Input records:
********
(*
  The free energy is affine in the coupling: F_t(sigma) = S(sigma) + t (L^d/2) E(sigma),
  with entropy S and interaction energy E.  The proof rests on three facts.
  (1) Strict Jensen for t log t: S(rho0) < S(rho) whenever rho differs from rho0,
      via the strict tangent-line inequality for t log t.
  (2) E(rho0) is a finite real number: on differences of points of the cube the
      periodisation of V is a finite sum of translates of V, and each translate of
      the integrable V has a finite double integral over the cube.
  (3) An elementary fact about affine functions in extended reals: if
      D(t) = (S - S0) + t (E - E0) has D(0) > 0 and D(thd) <= 0, then D(th) < 0 for th > thd.
  Applying (3) with the hypothesis gives F_th(rho) < F_th(rho0).
*)

text \<open>t log t lies strictly above its tangent at any point c > 0, except at c itself.
  This strict convexity is what makes the uniform density the unique entropy minimiser.\<close>
lemma xlogx_above_tangent_strict:
  fixes u c :: real
  assumes "c > 0" "u \<ge> 0" "u \<noteq> c"
  shows "xlogx c + (ln c + 1) * (u - c) < xlogx u"
proof (cases "u = 0")
  case True
  then show ?thesis using assms by (simp add: xlogx_def)
next
  case False
  then have "u > 0" using assms by simp
  then have "ln c - ln u < (c - u) / u"
    using ln_diff_less[of c u] assms by simp
  then have "u * (ln c - ln u) < c - u"
    using \<open>u > 0\<close> by (simp add: field_simps)
  then show ?thesis
    using \<open>u > 0\<close> assms by (simp add: xlogx_def algebra_simps)
qed

lemma xlogx_above_tangent:
  fixes u c :: real
  assumes "c > 0" "u \<ge> 0"
  shows "xlogx c + (ln c + 1) * (u - c) \<le> xlogx u"
  using xlogx_above_tangent_strict[OF assms] by (cases "u = c") auto

section \<open>Strict Jensen inequality for the entropy\<close>

lemma entropy_constant_strictly_minimal:
  fixes M :: "'a measure" and A :: "'a set" and \<rho> :: "'a \<Rightarrow> real"
  assumes c_value: "c = 1 / measure M A"
    and A: "A \<in> sets M" "emeasure M A < \<infinity>" "measure M A > 0"
    and nonneg: "\<And>x. 0 \<le> \<rho> x"
    and mass: "set_integrable M A \<rho>" "(LINT x : A | M. \<rho> x) = 1"
    and entropy: "set_integrable M A (\<lambda>x. xlogx (\<rho> x))"
    and not_const: "\<not> (AE x in M. x \<in> A \<longrightarrow> \<rho> x = c)"
  shows "(LINT x : A | M. xlogx c) < (LINT x : A | M. xlogx (\<rho> x))"
proof -
  have c_pos: "c > 0" using A(3) by (simp add: c_value)
  have ind_int: "integrable M (\<lambda>x. indicator A x :: real)"
    using A by (intro integrable_real_indicator) auto
  define g where "g x = indicator A x * (xlogx (\<rho> x) - xlogx c - (ln c + 1) * (\<rho> x - c))" for x
  have g_expand: "g x = indicator A x * xlogx (\<rho> x) - xlogx c * indicator A x
      - (ln c + 1) * (indicator A x * \<rho> x - c * indicator A x)" for x
    by (simp add: g_def indicator_def algebra_simps)
  have g_int: "integrable M g"
    unfolding g_expand using entropy mass(1) ind_int
    by (intro Bochner_Integration.integrable_diff integrable_mult_right)
       (auto simp: set_integrable_def)
  have g_nonneg: "0 \<le> g x" for x
    using xlogx_above_tangent[OF c_pos nonneg[of x]] by (simp add: g_def indicator_def)
  have const_integral: "(LINT x : A | M. xlogx c) = xlogx c * measure M A"
    using A by (simp add: set_integral_const mult.commute)
  have "integral\<^sup>L M g = (LINT x : A | M. xlogx (\<rho> x)) - xlogx c * measure M A
      - (ln c + 1) * ((LINT x : A | M. \<rho> x) - c * measure M A)"
    unfolding g_expand using entropy mass(1) ind_int sets.Int_space_eq2[OF A(1)]
    by (simp add: set_integrable_def set_lebesgue_integral_def)
  also have "c * measure M A = 1" using A(3) by (simp add: c_value)
  finally have g_integral:
    "integral\<^sup>L M g = (LINT x : A | M. xlogx (\<rho> x)) - (LINT x : A | M. xlogx c)"
    using mass(2) const_integral by simp
  have "integral\<^sup>L M g \<noteq> 0"
  proof
    assume "integral\<^sup>L M g = 0"
    then have "AE x in M. g x = 0"
      using integral_nonneg_eq_0_iff_AE[OF g_int] g_nonneg by simp
    then have "AE x in M. x \<in> A \<longrightarrow> \<rho> x = c"
      by eventually_elim
        (use xlogx_above_tangent_strict[OF c_pos nonneg] in \<open>force simp: g_def\<close>)
    with not_const show False ..
  qed
  moreover have "integral\<^sup>L M g \<ge> 0"
    using g_nonneg by (simp add: integral_nonneg_AE)
  ultimately show ?thesis using g_integral by linarith
qed

lemma cube_sets [measurable]: "cube L \<in> sets (lborel :: (real^'n) measure)"
  unfolding cube_def by measurable

text \<open>The cube [0,L)^d lies between the open and the closed box with the same corners,
  both of volume L^d.\<close>
lemma emeasure_cube:
  assumes "L > 0"
  shows "emeasure lborel (cube L :: (real^'n) set) = ennreal (L ^ CARD('n))"
proof (rule order_antisym)
  let ?u = "(\<chi> i. L) :: real^'n"
  have volume: "(\<Prod>b\<in>Basis. (?u - 0) \<bullet> b) = L ^ CARD('n)"
  proof -
    have "(\<Prod>b\<in>Basis. (?u - 0) \<bullet> b) = (\<Prod>b\<in>(Basis :: (real^'n) set). L)"
      by (rule prod.cong) (auto simp: Basis_vec_def inner_axis)
    then show ?thesis by simp
  qed
  have ordered: "\<forall>b\<in>Basis. 0 \<bullet> b \<le> ?u \<bullet> b"
    using assms by (auto simp: Basis_vec_def inner_axis)
  have "cube L \<subseteq> cbox 0 ?u"
    by (auto simp: cube_def mem_box_cart less_imp_le)
  then show "emeasure lborel (cube L :: (real^'n) set) \<le> ennreal (L ^ CARD('n))"
    using emeasure_mono[of "cube L" "cbox 0 ?u" lborel] volume ordered
    by (simp add: emeasure_lborel_cbox_eq)
  have "box 0 ?u \<subseteq> cube L"
    by (auto simp: cube_def mem_box_cart less_imp_le)
  then show "ennreal (L ^ CARD('n)) \<le> emeasure lborel (cube L :: (real^'n) set)"
    using emeasure_mono[of "box 0 ?u" "cube L" lborel] cube_sets[of L] volume ordered
    by (simp add: emeasure_lborel_box_eq)
qed

lemma measure_cube:
  assumes "L > 0"
  shows "measure lborel (cube L :: (real^'n) set) = L ^ CARD('n)"
  using emeasure_cube[OF assms] assms by (simp add: measure_def)

section \<open>The periodised potential on differences of points of the cube\<close>

text \<open>Integer vectors with all coordinates in [-2,2]: the only lattice translates that
  can bring a difference of two cube points into the support of V.\<close>
definition lattice_window :: "(real^'n) set" where
  "lattice_window = {k \<in> intvecs. \<forall>i. \<bar>k $ i\<bar> \<le> 2}"

lemma finite_lattice_window: "finite (lattice_window :: (real^'n) set)"
proof -
  let ?S = "{-2, -1, 0, 1, 2 :: real}"
  have coords: "k $ i \<in> ?S" if "k \<in> lattice_window" for k :: "real^'n" and i
  proof -
    have "k $ i \<in> \<int>" using that by (simp add: lattice_window_def intvecs_def)
    then obtain m :: int where m: "k $ i = of_int m" by (elim Ints_cases)
    have "\<bar>k $ i\<bar> \<le> 2" using that by (simp add: lattice_window_def)
    then have "\<bar>m\<bar> \<le> 2" using m by linarith
    then have "m \<in> {-2, -1, 0, 1, 2}" by auto
    then show ?thesis using m by auto
  qed
  have "lattice_window \<subseteq> (\<lambda>f. \<chi> i. f i) ` (PiE (UNIV :: 'n set) (\<lambda>_. ?S))"
  proof
    fix k :: "real^'n" assume "k \<in> lattice_window"
    then have "(\<lambda>i. k $ i) \<in> PiE UNIV (\<lambda>_. ?S)" using coords by auto
    then show "k \<in> (\<lambda>f. \<chi> i. f i) ` (PiE UNIV (\<lambda>_. ?S))"
      by (metis (no_types, lifting) image_eqI vec_lambda_eta)
  qed
  moreover have "finite (PiE (UNIV :: 'n set) (\<lambda>_. ?S))" by (intro finite_PiE) auto
  ultimately show ?thesis by (meson finite_imageI finite_subset)
qed

text \<open>If every coordinate of z is smaller than L in modulus, a translate z + L k by a lattice
  vector outside the window has a coordinate of modulus above 2L > a, so V vanishes there.\<close>
lemma potential_vanishes_outside_window:
  fixes V :: "real^'n \<Rightarrow> real" and z k :: "real^'n"
  assumes L: "L > 0" and V: "classV L V" and z: "\<And>i. \<bar>z $ i\<bar> < L"
    and k: "k \<in> intvecs" "k \<notin> lattice_window"
  shows "V (z + L *\<^sub>R k) = 0"
proof -
  obtain a where a: "a < L / 2" "\<And>x. norm x > a \<Longrightarrow> V x = 0"
    using V unfolding classV_def by blast
  obtain i where i: "\<bar>k $ i\<bar> > 2" using k by (auto simp: lattice_window_def not_le)
  have "k $ i \<in> \<int>" using k by (simp add: intvecs_def)
  then obtain m :: int where m: "k $ i = of_int m" by (elim Ints_cases)
  then have "\<bar>m\<bar> \<ge> 3" using i by linarith
  then have "\<bar>k $ i\<bar> \<ge> 3" using m by linarith
  then have "\<bar>L * k $ i\<bar> \<ge> 3 * L" using L by (simp add: abs_mult)
  then have "\<bar>(z + L *\<^sub>R k) $ i\<bar> > a" using z[of i] a(1) by auto
  then have "norm (z + L *\<^sub>R k) > a"
    using component_le_norm_cart[of "z + L *\<^sub>R k" i] by linarith
  then show ?thesis using a(2) by blast
qed

lemma periodisation_as_finite_sum:
  fixes V :: "real^'n \<Rightarrow> real" and z :: "real^'n"
  assumes L: "L > 0" and V: "classV L V" and z: "\<And>i. \<bar>z $ i\<bar> < L"
  shows "Vper L V z = (\<Sum>k\<in>lattice_window. V (z + L *\<^sub>R k))"
proof -
  have "Vper L V z = infsum (\<lambda>k. V (z + L *\<^sub>R k)) lattice_window"
    unfolding Vper_def
    by (rule infsum_cong_neutral)
       (auto simp: lattice_window_def intro: potential_vanishes_outside_window[OF L V z])
  also have "\<dots> = (\<Sum>k\<in>lattice_window. V (z + L *\<^sub>R k))"
    by (rule infsum_finite[OF finite_lattice_window])
  finally show ?thesis .
qed

lemma cube_difference_coordinates:
  assumes "x \<in> cube L" "y \<in> cube L"
  shows "\<bar>(x - y) $ i\<bar> < L"
proof -
  have "0 \<le> x $ i" "x $ i < L" "0 \<le> y $ i" "y $ i < L"
    using assms by (auto simp: cube_def)
  then show ?thesis by (simp add: abs_less_iff)
qed

section \<open>Finiteness of the interaction energy of the uniform density\<close>

lemma nn_integral_lborel_reflect:
  fixes f :: "'a::euclidean_space \<Rightarrow> ennreal"
  assumes [measurable]: "f \<in> borel_measurable borel"
  shows "(\<integral>\<^sup>+ y. f (t - y) \<partial>lborel) = (\<integral>\<^sup>+ y. f y \<partial>lborel)"
proof -
  have "(lborel :: 'a measure) = distr lborel borel (\<lambda>x. t - x)"
    using lborel_affine[of "-1" t] by (simp add: density_1)
  then have "(\<integral>\<^sup>+ y. f y \<partial>lborel) = (\<integral>\<^sup>+ y. f y \<partial>distr lborel borel (\<lambda>x. t - x))"
    by simp
  also have "\<dots> = (\<integral>\<^sup>+ y. f (t - y) \<partial>lborel)"
    by (rule nn_integral_distr) auto
  finally show ?thesis by simp
qed

text \<open>For integrable V, the kernel (x,y) \<mapsto> |V(x - y + w)| has finite integral over A \<times> A
  whenever A has finite measure: integrating in y first gives at most the L1 norm of V.\<close>
lemma difference_kernel_finite:
  fixes V :: "'a::euclidean_space \<Rightarrow> real"
  assumes V: "integrable lborel V" and A: "A \<in> sets lborel" "emeasure lborel A < \<infinity>"
  shows "(\<integral>\<^sup>+ z. indicator (A \<times> A) z * ennreal \<bar>V (fst z - snd z + w)\<bar> \<partial>(lborel \<Otimes>\<^sub>M lborel)) < \<infinity>"
proof -
  have [measurable]: "V \<in> borel_measurable borel" "A \<in> sets lborel"
    using borel_measurable_integrable[OF V] A(1) by simp_all
  have kernel_measurable: "(\<lambda>z. indicator (A \<times> A) z * ennreal \<bar>V (fst z - snd z + w)\<bar>)
      \<in> borel_measurable (lborel \<Otimes>\<^sub>M lborel)"
    by measurable
  define N where "N = (\<integral>\<^sup>+ y. ennreal \<bar>V y\<bar> \<partial>lborel)"
  have N_finite: "N < \<infinity>" using V unfolding N_def integrable_iff_bounded by simp
  have "(\<integral>\<^sup>+ z. indicator (A \<times> A) z * ennreal \<bar>V (fst z - snd z + w)\<bar> \<partial>(lborel \<Otimes>\<^sub>M lborel))
      = (\<integral>\<^sup>+ x. \<integral>\<^sup>+ y. indicator (A \<times> A) (x, y) * ennreal \<bar>V (x - y + w)\<bar> \<partial>lborel \<partial>lborel)"
    using lborel.nn_integral_fst[OF kernel_measurable] by simp
  also have "\<dots> \<le> (\<integral>\<^sup>+ x. indicator A x * N \<partial>lborel)"
  proof (rule nn_integral_mono)
    fix x :: 'a
    have "(\<integral>\<^sup>+ y. indicator (A \<times> A) (x, y) * ennreal \<bar>V (x - y + w)\<bar> \<partial>lborel)
        \<le> (\<integral>\<^sup>+ y. indicator A x * ennreal \<bar>V ((x + w) - y)\<bar> \<partial>lborel)"
      by (rule nn_integral_mono) (auto simp: indicator_def algebra_simps)
    also have "\<dots> = indicator A x * N"
      using nn_integral_lborel_reflect[of "\<lambda>y. ennreal \<bar>V y\<bar>" "x + w"]
      by (simp add: nn_integral_cmult N_def)
    finally show "(\<integral>\<^sup>+ y. indicator (A \<times> A) (x, y) * ennreal \<bar>V (x - y + w)\<bar> \<partial>lborel)
        \<le> indicator A x * N" .
  qed
  also have "\<dots> = N * emeasure lborel A"
    using nn_integral_cmult_indicator[OF A(1), of N] by (simp add: mult.commute)
  also have "\<dots> < \<infinity>"
    using N_finite A(2) by (simp add: ennreal_mult_less_top)
  finally show ?thesis .
qed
********
Prompt:
How many lines of the material above hold the string "infinity"? Reply with the number and nothing else.

Task solution:
5